- [Work instruction]:
Where the records hold the string "open", show the whole line it sits on.

Saved entries

lemma ut_comm_Y_mat_tr:
  "ut_comm n (unip n (Y_mat k \<beta> \<alpha>)) (tr n k (k+1) 1) = unip n (G_mat k \<beta> \<alpha>)"
  unfolding tr_eq_unip
proof (rule ut_comm_unipI[OF strictly_upper_Y_mat _ strictly_upper_G_mat])
  let ?T = "unit_mat k (k+1) (1::'a)"
  show "strictly_upper n ?T" using k1 by (intro strictly_upper_unit_mat_k3) auto
  fix a b
  show "Y_mat k \<beta> \<alpha> a b + ?T a b + ut_mult (Y_mat k \<beta> \<alpha>) ?T a b
      = Y_mat k \<beta> \<alpha> a b + ?T a b + column_mat 1 k (k+1) \<alpha> a b"
    unfolding ut_mult_unit_mat_right by (auto simp: Y_mat_def unit_mat_def column_mat_def)
  show "G_mat k \<beta> \<alpha> a b + ?T a b + ut_mult (G_mat k \<beta> \<alpha>) ?T a b = G_mat k \<beta> \<alpha> a b + ?T a b"
    unfolding ut_mult_unit_mat_right by (auto simp: G_mat_def unit_mat_def column_mat_def)
  let ?V = "\<lambda>a b. G_mat k \<beta> \<alpha> a b + ?T a b"
  have V_col: "?V a (k+1) = (if 1 \<le> a \<and> a < k then \<alpha> a else if a = k then 1 else 0)"
    by (simp add: G_mat_def unit_mat_def column_mat_def)
  have "ut_mult ?V (column_mat 1 k k \<alpha>) a b = 0"
    by (rule ut_mult_eq_0I) (simp add: G_mat_def unit_mat_def column_mat_def)
  then have VY: "ut_mult ?V (Y_mat k \<beta> \<alpha>) a b = (if b = k+2 \<and> a \<le> k+1 then ?V a (k+1) * \<beta> else 0)"
    unfolding Y_mat_def ut_mult_add_right ut_mult_unit_mat_right by simp
  have G_eq: "G_mat k \<beta> \<alpha> a b
      = column_mat 1 k (k+1) \<alpha> a b - (if b = k+2 \<and> a \<le> k+1 then ?V a (k+1) * \<beta> else 0)"
    unfolding V_col by (auto simp: G_mat_def unit_mat_def column_mat_def)
  show "?V a b + Y_mat k \<beta> \<alpha> a b + ut_mult ?V (Y_mat k \<beta> \<alpha>) a b
      = Y_mat k \<beta> \<alpha> a b + ?T a b + column_mat 1 k (k+1) \<alpha> a b"
    unfolding VY G_eq by (simp add: algebra_simps)
qed
(* Let $p$ be an odd prime, let $G$ be a proper subgroup of the multiplicative group $\mathbb{F}_p^*=\mathbb{F}_p\setminus\{0\}$, and let $\lambda\in G$. Then there do not exist sets $A,B\subseteq \mathbb{F}_p^*$ with $|A|\ge 2$ and $|B|\ge 2$ such that \[ AB=(G-\lambda)\setminus\{0\}. \]
   Context: $\mathbb{F}_p$ denotes the field with $p$ elements. For $A,B\subseteq\mathbb{F}_p$, the product set is $AB=\{ab: a\in A,\ b\in B\}$, and $G-\lambda=\{g-\lambda: g\in G\}$. *)

theory Defs
  imports "Berlekamp_Zassenhaus.Finite_Field"
begin

definition prodset :: "'a::times set \<Rightarrow> 'a set \<Rightarrow> 'a set" where
  "prodset A B = {a * b | a b. a \<in> A \<and> b \<in> B}"

definition mult_subgroup :: "'a::field set \<Rightarrow> bool" where
  "mult_subgroup G \<longleftrightarrow> G \<subseteq> UNIV - {0} \<and> 1 \<in> G \<and>
     (\<forall>x\<in>G. \<forall>y\<in>G. x * y \<in> G) \<and> (\<forall>x\<in>G. inverse x \<in> G)"

end

theory Submission
  imports Defs
begin

(* Dividing A by lam reduces the equation to A B = S, where S = {g - 1 | g in G, g ~= 1}; with
   d = |G| this gives (x y + 1)^d = 1 for all x in A, y in B.
   Stepanov's method: let m = |B| and let l_y be the Lagrange weights of evaluation at 0 on B.
   The polynomial F(t) = Sum_y l_y (1 + y t)^(d+m-1) - 1 has degree at most d + m - 1, a nonzero
   coefficient at t^m (because 2d is below the characteristic), and vanishes to order m at 0 and at
   every x in A.  Hence (|A| + 1) m <= d + m - 1, i.e. |A| |B| <= d - 1 = |S|, so every element of S
   is a product in exactly one way and F = k t^m Prod_x (t - x)^m.  Comparing the coefficients of
   t^m and t^(m+1) yields (d - 1) Sum B = - m (m + 1) Sum 1/A, and symmetrically with A and B
   exchanged.  Together with Sum A Sum B = Sum S = -d and Sum 1/A Sum 1/B = Sum 1/S = -(d - 1)/2
   this forces 2d = (|A| + 1)(|B| + 1) = d + |A| + |B|, whereas |A| + |B| <= |A| |B| = d - 1. *)

section \<open>Products of linear factors and Lagrange interpolation at 0\<close>

lemma degree_prod_linear: "degree (\<Prod>b\<in>B. [:- b, 1::'a::idom:]) = card B"
  by (cases "finite B") (simp_all add: degree_prod_eq_sum_degree)

lemma coeff_mult_1:
  "coeff (p * q) 1 = coeff p 0 * coeff q 1 + coeff p 1 * coeff (q::'a::comm_semiring_1 poly) 0"
  by (simp add: coeff_mult atMost_Suc add.commute)

lemma coeff_1_power:
  "coeff (p ^ Suc m) 1 = of_nat (Suc m) * coeff p 0 ^ m * coeff (p::'a::comm_semiring_1 poly) 1"
proof (induction m)
  case (Suc m)
  have "coeff (p ^ Suc (Suc m)) 1 = coeff p 0 * coeff (p ^ Suc m) 1 + coeff p 1 * coeff (p ^ Suc m) 0"
    by (simp only: power_Suc[of p "Suc m"] coeff_mult_1)
  then show ?case unfolding Suc coeff_0_power by (simp add: algebra_simps)
qed simp

lemma coeff_prod_linear_card: "coeff (\<Prod>b\<in>B. [:- b, 1::'a::idom:]) (card B) = 1"
  using lead_coeff_prod[of "\<lambda>b. [:- b, 1::'a:]" B] by (simp add: degree_prod_linear)

lemma coeff_prod_linear_pred_card:
  assumes "finite B" "B \<noteq> {}"
  shows "coeff (\<Prod>b\<in>B. [:- b, 1::'a::idom:]) (card B - 1) = - (\<Sum>b\<in>B. b)"
  using assms
proof (induction B rule: finite_ne_induct)
  case (insert x F)
  obtain k where k: "card F = Suc k" using insert by (cases "card F") auto
  have "(\<Prod>b\<in>insert x F. [:- b, 1::'a:]) =
      smult (- x) (\<Prod>b\<in>F. [:- b, 1:]) + pCons 0 (\<Prod>b\<in>F. [:- b, 1:])"
    using insert by (simp add: mult_pCons_left)
  then show ?case
    using insert k coeff_prod_linear_card[of F] by (simp add: coeff_pCons)
qed simp

lemma coeff_1_prod_linear:
  assumes "finite X" "0 \<notin> X"
  shows "coeff (\<Prod>x\<in>X. [:- x, 1::'a::field:]) 1 =
    - coeff (\<Prod>x\<in>X. [:- x, 1:]) 0 * (\<Sum>x\<in>X. inverse x)"
  using assms
proof (induction X rule: finite_induct)
  case (insert x F)
  then show ?case by (simp add: coeff_mult_1 field_simps)
qed simp

lemma coeff_1_power_prod_linear:
  assumes "finite X" and "0 \<notin> X"
  shows "coeff ((\<Prod>x\<in>X. [:- x, 1::'a::field:]) ^ m) 1 =
    - of_nat m * (\<Sum>x\<in>X. inverse x) * coeff ((\<Prod>x\<in>X. [:- x, 1:]) ^ m) 0"
proof (cases m)
  case (Suc k)
  then show ?thesis
    using coeff_1_prod_linear[OF assms]
    by (simp only: coeff_1_power coeff_0_power) (simp add: algebra_simps)
qed simp

lemma degree_diff_less:
  assumes "0 < n" and "\<And>k. n \<le> k \<Longrightarrow> coeff p k = coeff q k"
  shows "degree (p - q) < n"
  using assms by (intro degree_lessI) auto

definition lagrange_basis_at_0 :: "'a::field set \<Rightarrow> 'a \<Rightarrow> 'a" where
  "lagrange_basis_at_0 Y y = (\<Prod>y'\<in>Y - {y}. - y' / (y - y'))"

lemma lagrange_interpolation_at_0:
  fixes L :: "'a::field poly"
  assumes fin: "finite Y" and deg: "degree L < card Y"
  shows "(\<Sum>y\<in>Y. lagrange_basis_at_0 Y y * poly L y) = poly L 0"
proof -
  define basis where
    "basis y = smult (\<Prod>y'\<in>Y - {y}. inverse (y - y')) (\<Prod>y'\<in>Y - {y}. [:- y', 1:])" for y
  define I where "I = (\<Sum>y\<in>Y. smult (poly L y) (basis y))"
  have poly_basis: "poly (basis y) x = (\<Prod>y'\<in>Y - {y}. (x - y') / (y - y'))" for y x
    by (simp add: basis_def poly_prod divide_inverse prod.distrib mult.commute)
  have basis_delta: "poly (basis y) z = (if y = z then 1 else 0)" if "y \<in> Y" "z \<in> Y" for y z
    using fin that by (auto simp: poly_basis intro: prod.neutral prod_zero)
  have "degree (basis y) \<le> card Y - 1" if "y \<in> Y" for y
    using fin that by (simp add: basis_def degree_prod_linear)
  then have "degree I \<le> card Y - 1"
    unfolding I_def by (intro degree_sum_le[OF fin] order.trans[OF degree_smult_le]) auto
  moreover have "poly I z = poly L z" if "z \<in> Y" for z
  proof -
    have "poly I z = (\<Sum>y\<in>Y. if y = z then poly L y else 0)"
      unfolding I_def poly_sum using basis_delta that by (intro sum.cong) auto
    also have "\<dots> = poly L z" using fin that by (simp add: sum.delta)
    finally show ?thesis .
  qed
  ultimately have "L = I"
    using deg by (intro poly_eqI_degree[of Y]) auto
  then have "poly L 0 = poly I 0" by (rule arg_cong)
  also have "\<dots> = (\<Sum>y\<in>Y. lagrange_basis_at_0 Y y * poly L y)"
    by (simp add: I_def poly_sum poly_basis lagrange_basis_at_0_def mult.commute)
  finally show ?thesis ..
qed

lemma lagrange_sum_low_power:
  fixes Y :: "'a::field set"
  assumes "finite Y" and "k < card Y"
  shows "(\<Sum>y\<in>Y. lagrange_basis_at_0 Y y * (y ^ k * (a * y + 1) ^ (card Y - 1 - k))) =
    (if k = 0 then 1 else 0)"
proof -
  define L where "L = monom (1::'a) k * [:1, a:] ^ (card Y - 1 - k)"
  have "degree L \<le> k + (card Y - 1 - k)"
    unfolding L_def
    by (rule order.trans[OF degree_mult_le], rule add_mono, simp add: degree_monom_le,
        rule order.trans[OF degree_power_le], simp)
  then have "degree L < card Y" using assms(2) by linarith
  then have "(\<Sum>y\<in>Y. lagrange_basis_at_0 Y y * poly L y) = poly L 0"
    by (rule lagrange_interpolation_at_0[OF assms(1)])
  moreover have "poly L y = y ^ k * (a * y + 1) ^ (card Y - 1 - k)" for y
    by (simp add: L_def poly_monom algebra_simps)
  ultimately show ?thesis by simp
qed

lemma lagrange_sum_power_card:
  fixes Y :: "'a::field set"
  assumes fin: "finite Y" and ne: "Y \<noteq> {}"
  shows "(\<Sum>y\<in>Y. lagrange_basis_at_0 Y y * y ^ card Y) = - (\<Prod>y\<in>Y. - y)"
proof -
  let ?w = "\<Prod>y\<in>Y. [:- y, 1::'a:]"
  have "0 < card Y" using fin ne by (simp add: card_gt_0_iff)
  have "degree (monom 1 (card Y) - ?w) < card Y"
  proof (rule degree_diff_less)
    show "0 < card Y" by fact
    fix k assume "card Y \<le> k"
    then show "coeff (monom 1 (card Y)) k = coeff ?w k"
      using coeff_prod_linear_card[of Y] coeff_eq_0[of ?w k]
      by (cases "k = card Y") (auto simp: degree_prod_linear coeff_monom)
  qed
  from lagrange_interpolation_at_0[OF fin this]
  have "(\<Sum>y\<in>Y. lagrange_basis_at_0 Y y * poly (monom 1 (card Y) - ?w) y) = - (\<Prod>y\<in>Y. - y)"
    using \<open>0 < card Y\<close> by (simp add: poly_monom poly_prod)
  moreover have "poly (monom 1 (card Y) - ?w) y = y ^ card Y" if "y \<in> Y" for y
    using fin that by (simp add: poly_monom poly_prod prod_zero_iff)
  ultimately show ?thesis by simp
qed

lemma lagrange_sum_power_Suc_card:
  fixes Y :: "'a::field set"
  assumes fin: "finite Y" and ne: "Y \<noteq> {}"
  shows "(\<Sum>y\<in>Y. lagrange_basis_at_0 Y y * y ^ Suc (card Y)) =
    (\<Sum>y\<in>Y. y) * (\<Sum>y\<in>Y. lagrange_basis_at_0 Y y * y ^ card Y)"
proof -
  let ?w = "\<Prod>y\<in>Y. [:- y, 1::'a:]" and ?e = "\<Sum>y\<in>Y. y" and ?m = "card Y"
  obtain j where j: "?m = Suc j" using fin ne by (cases ?m) auto
  have coeff_shift:
    "coeff ([:?e, 1:] * ?w) k = ?e * coeff ?w k + (case k of 0 \<Rightarrow> 0 | Suc i \<Rightarrow> coeff ?w i)" for k
    by (simp add: coeff_pCons split: nat.split)
  have "degree (monom 1 (Suc ?m) - [:?e, 1:] * ?w) < ?m"
  proof (rule degree_diff_less)
    show "0 < ?m" using j by simp
    fix k assume "?m \<le> k"
    then consider "k = ?m" | "k = Suc ?m" | "Suc ?m < k"
      by linarith
    then show "coeff (monom 1 (Suc ?m)) k = coeff ([:?e, 1:] * ?w) k"
    proof cases
      case 1
      then show ?thesis
        using coeff_prod_linear_card[of Y] coeff_prod_linear_pred_card[OF fin ne] j
        by (simp add: coeff_shift coeff_monom)
    qed (auto simp: coeff_shift coeff_monom coeff_prod_linear_card coeff_eq_0 degree_prod_linear)
  qed
  from lagrange_interpolation_at_0[OF fin this]
  have "(\<Sum>y\<in>Y. lagrange_basis_at_0 Y y * poly (monom 1 (Suc ?m) - [:?e, 1:] * ?w) y) =
      ?e * - (\<Prod>y\<in>Y. - y)"
    by (simp add: poly_monom poly_prod)
  moreover have "poly (monom 1 (Suc ?m) - [:?e, 1:] * ?w) y = y ^ Suc ?m" if "y \<in> Y" for y
  proof -
    have "(\<Prod>b\<in>Y. y - b) = 0" using fin that by (intro prod_zero) auto
    then show ?thesis by (simp add: poly_monom poly_prod)
  qed
  ultimately show ?thesis
    using lagrange_sum_power_card[OF fin ne] by simp
qed

section \<open>Natural numbers below the characteristic\<close>

lemma of_nat_neq_0_below_CHAR:
  assumes "0 < n" and "CHAR('a) = 0 \<or> n < CHAR('a)"
  shows "of_nat n \<noteq> (0::'a::semiring_1)"
  using assms by (auto simp: of_nat_eq_0_iff_char_dvd dest: dvd_imp_le)

lemma of_nat_inj_below_CHAR:
  assumes "CHAR('a) = 0 \<or> max x y < CHAR('a)" and "of_nat x = (of_nat y :: 'a::semiring_1_cancel)"
  shows "x = y"
  using assms by (auto simp: of_nat_eq_iff_cong_CHAR intro: cong_less_modulus_unique_nat)

lemma of_nat_binomial_neq_0_below_CHAR:
  assumes "CHAR('a) = 0 \<or> n < CHAR('a)" and "k \<le> n"
  shows "of_nat (n choose k) \<noteq> (0::'a::idom)"
proof
  assume binomial_0: "of_nat (n choose k) = (0::'a)"
  have "(of_nat (fact n) :: 'a) = (\<Prod>i\<in>{1..n}. of_nat i)"
    by (simp add: fact_prod[where 'a=nat] of_nat_prod)
  also have "\<dots> \<noteq> 0"
    using assms(1) of_nat_neq_0_below_CHAR[of _, where 'a='a] by (fastforce simp: prod_zero_iff)
  finally have "(of_nat (fact n) :: 'a) \<noteq> 0" .
  moreover have "(of_nat (fact n) :: 'a) = of_nat (fact k * fact (n - k)) * of_nat (n choose k)"
    by (metis binomial_fact_lemma[OF assms(2)] of_nat_mult)
  ultimately show False using binomial_0 by simp
qed

section \<open>Stepanov's auxiliary polynomial\<close>

lemma power_linear_Taylor:
  fixes a y :: "'a::field"
  shows "[:1, y:] ^ D =
    (\<Sum>k\<le>D. smult (of_nat (D choose k) * y ^ k * (a * y + 1) ^ (D - k)) ([:- a, 1:] ^ k))"
proof -
  have "[:1, y:] = smult y [:- a, 1:] + [:a * y + 1:]" by simp
  then have "[:1, y:] ^ D =
      (\<Sum>k\<le>D. of_nat (D choose k) * smult y [:- a, 1:] ^ k * [:a * y + 1:] ^ (D - k))"
    by (simp only: binomial_ring)
  also have "\<dots> = (\<Sum>k\<le>D. smult (of_nat (D choose k) * y ^ k * (a * y + 1) ^ (D - k)) ([:- a, 1:] ^ k))"
    unfolding smult_power poly_const_pow of_nat_poly by (simp add: algebra_simps)
  finally show ?thesis .
qed

definition stepanov_poly :: "'a::field set \<Rightarrow> nat \<Rightarrow> 'a poly" where
  "stepanov_poly Y d = (\<Sum>y\<in>Y. smult (lagrange_basis_at_0 Y y) ([:1, y:] ^ (d + card Y - 1))) - 1"

lemma stepanov_poly_Taylor:
  fixes Y :: "'a::field set" and d :: nat
  defines "D \<equiv> d + card Y - 1"
  shows "stepanov_poly Y d = (\<Sum>k\<le>D. smult (of_nat (D choose k) *
      (\<Sum>y\<in>Y. lagrange_basis_at_0 Y y * (y ^ k * (a * y + 1) ^ (D - k)))) ([:- a, 1:] ^ k)) - 1"
proof -
  have "(\<Sum>y\<in>Y. smult (lagrange_basis_at_0 Y y) ([:1, y:] ^ D)) =
      (\<Sum>y\<in>Y. \<Sum>k\<le>D. smult (lagrange_basis_at_0 Y y *
        (of_nat (D choose k) * y ^ k * (a * y + 1) ^ (D - k))) ([:- a, 1:] ^ k))"
    by (simp add: power_linear_Taylor[of y D a for y] smult_sum2)
  also have "\<dots> = (\<Sum>k\<le>D. smult (of_nat (D choose k) *
      (\<Sum>y\<in>Y. lagrange_basis_at_0 Y y * (y ^ k * (a * y + 1) ^ (D - k)))) ([:- a, 1:] ^ k))"
    by (subst sum.swap) (simp add: smult_sum sum_distrib_left mult_ac)
  finally show ?thesis by (simp add: stepanov_poly_def D_def)
qed
text \<open>Lower bound: any P with V(P,Q) >= v and finite D(P||Q) has, on its Scheffe set A,
  P(A) >= Q(A) + v/2; data processing and the binary witness give L(v) <= D(P||Q).\<close>
lemma vajda_L_le_D_star:
  fixes \<mu> Q :: "'a measure" and v :: real
  assumes \<mu>: "sigma_finite_measure \<mu>" and Q: "Q \<in> prob_set \<mu>" and v: "0 < v"
  shows "vajda_L v \<le> D_star \<mu> v Q"
  unfolding D_star_def
proof (rule Inf_greatest, clarify)
  fix P assume P: "P \<in> prob_set \<mu>" and tv_ge: "v \<le> tv_dist \<mu> P Q"
  show "vajda_L v \<le> kl_div P Q"
  proof (cases "absolutely_continuous Q P \<and> integrable P (\<lambda>x. ln (enn2real (RN_deriv Q P x)))")
    case False
    then show ?thesis by (auto simp: kl_div_def)
  next
    case True
    then have ac: "absolutely_continuous Q P"
      and int: "integrable P (\<lambda>x. ln (enn2real (RN_deriv Q P x)))" by auto
    note P' = prob_setD[OF P] and Q' = prob_setD[OF Q]
    interpret P: prob_space P by (rule P'(1))
    interpret Q: prob_space Q by (rule Q'(1))
    define A where "A = {x \<in> space \<mu>. enn2real (RN_deriv \<mu> Q x) < enn2real (RN_deriv \<mu> P x)}"
    have "A \<in> sets \<mu>" and tv: "tv_dist \<mu> P Q = 2 * (measure P A - measure Q A)"
      using tv_dist_Scheffe[OF \<mu> P Q] by (simp_all add: A_def)
    then have A_Q: "A \<in> sets Q" using Q'(2) by simp
    define b where "b = measure Q A"
    have gap: "b + v / 2 \<le> measure P A" using tv tv_ge by (simp add: b_def)
    txt \<open>Q(A) > 0, since otherwise P(A) = 0 by absolute continuity, contradicting the gap.\<close>
    have b_pos: "0 < b"
    proof (rule ccontr)
      assume "\<not> 0 < b"
      then have "emeasure Q A = 0" using measure_nonneg[of Q A] by (simp add: b_def Q.emeasure_eq_measure)
      then have "measure P A = 0" using absolutely_continuousD[OF ac A_Q] by (simp add: P.emeasure_eq_measure)
      then show False using gap v measure_nonneg[of Q A] by (simp add: b_def)
    qed
    have b_lt: "b + v / 2 \<le> 1" using gap P.prob_le_1[of A] by linarith
    have "vajda_L v \<le> ereal (bin_kl (b + v / 2) b)"
      using vajda_L_le_bin_kl[of b "b + v / 2"] b_pos b_lt v by simp
    also have "\<dots> \<le> ereal (\<integral>x. ln (enn2real (RN_deriv Q P x)) \<partial>P)"
      unfolding ereal_less_eq b_def
      by (rule bin_kl_le_integral_ln_RN_deriv[OF Q'(1) P'(1) ac _ A_Q int])
        (use P'(2) Q'(2) b_pos b_lt gap v in \<open>auto simp: b_def\<close>)
    also have "\<dots> = kl_div P Q" using True by (simp add: kl_div_def)
    finally show ?thesis .
  qed
qed

lemma balance_coeff:
  assumes "prob_space Q"
  shows "1 / 2 \<le> balance_coeff Q" and "balance_coeff Q \<le> 1"
    and "\<lbrakk>A \<in> sets Q; 1 / 2 \<le> measure Q A\<rbrakk> \<Longrightarrow> balance_coeff Q \<le> measure Q A"
    and "balance_coeff Q < r \<Longrightarrow> \<exists>A\<in>sets Q. 1 / 2 \<le> measure Q A \<and> measure Q A < r"
proof -
  interpret prob_space Q by fact
  define S where "S = {x \<in> range_meas Q. 1 / 2 \<le> x}"
  have \<beta>: "balance_coeff Q = Inf S" by (simp add: balance_coeff_def S_def)
  have one: "1 \<in> S"
    unfolding S_def range_meas_def by (auto intro!: exI[of _ "space Q"] simp: prob_space)
  have bdd: "bdd_below S" unfolding S_def by (rule bdd_belowI[of _ "1/2"]) auto
  show "1 / 2 \<le> balance_coeff Q" unfolding \<beta> using one by (intro cInf_greatest) (auto simp: S_def)
  show "balance_coeff Q \<le> 1" unfolding \<beta> using one bdd by (rule cInf_lower)
  show "\<lbrakk>A \<in> sets Q; 1 / 2 \<le> measure Q A\<rbrakk> \<Longrightarrow> balance_coeff Q \<le> measure Q A"
    unfolding \<beta> using bdd by (intro cInf_lower) (auto simp: S_def range_meas_def)
  assume "balance_coeff Q < r"
  then obtain x where "x \<in> S" "x < r" using cInf_lessD[of S r] one by (auto simp: \<beta>)
  then show "\<exists>A\<in>sets Q. 1 / 2 \<le> measure Q A \<and> measure Q A < r"
    by (auto simp: S_def range_meas_def)
qed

- [Exercise output]:
section \<open>Products of linear factors and Lagrange interpolation at 0\<close>
    using \<open>0 < card Y\<close> by (simp add: poly_monom poly_prod)
section \<open>Natural numbers below the characteristic\<close>
section \<open>Stepanov's auxiliary polynomial\<close>
text \<open>Lower bound: any P with V(P,Q) >= v and finite D(P||Q) has, on its Scheffe set A,
    txt \<open>Q(A) > 0, since otherwise P(A) = 0 by absolute continuity, contradicting the gap.\<close>
        (use P'(2) Q'(2) b_pos b_lt gap v in \<open>auto simp: b_def\<close>)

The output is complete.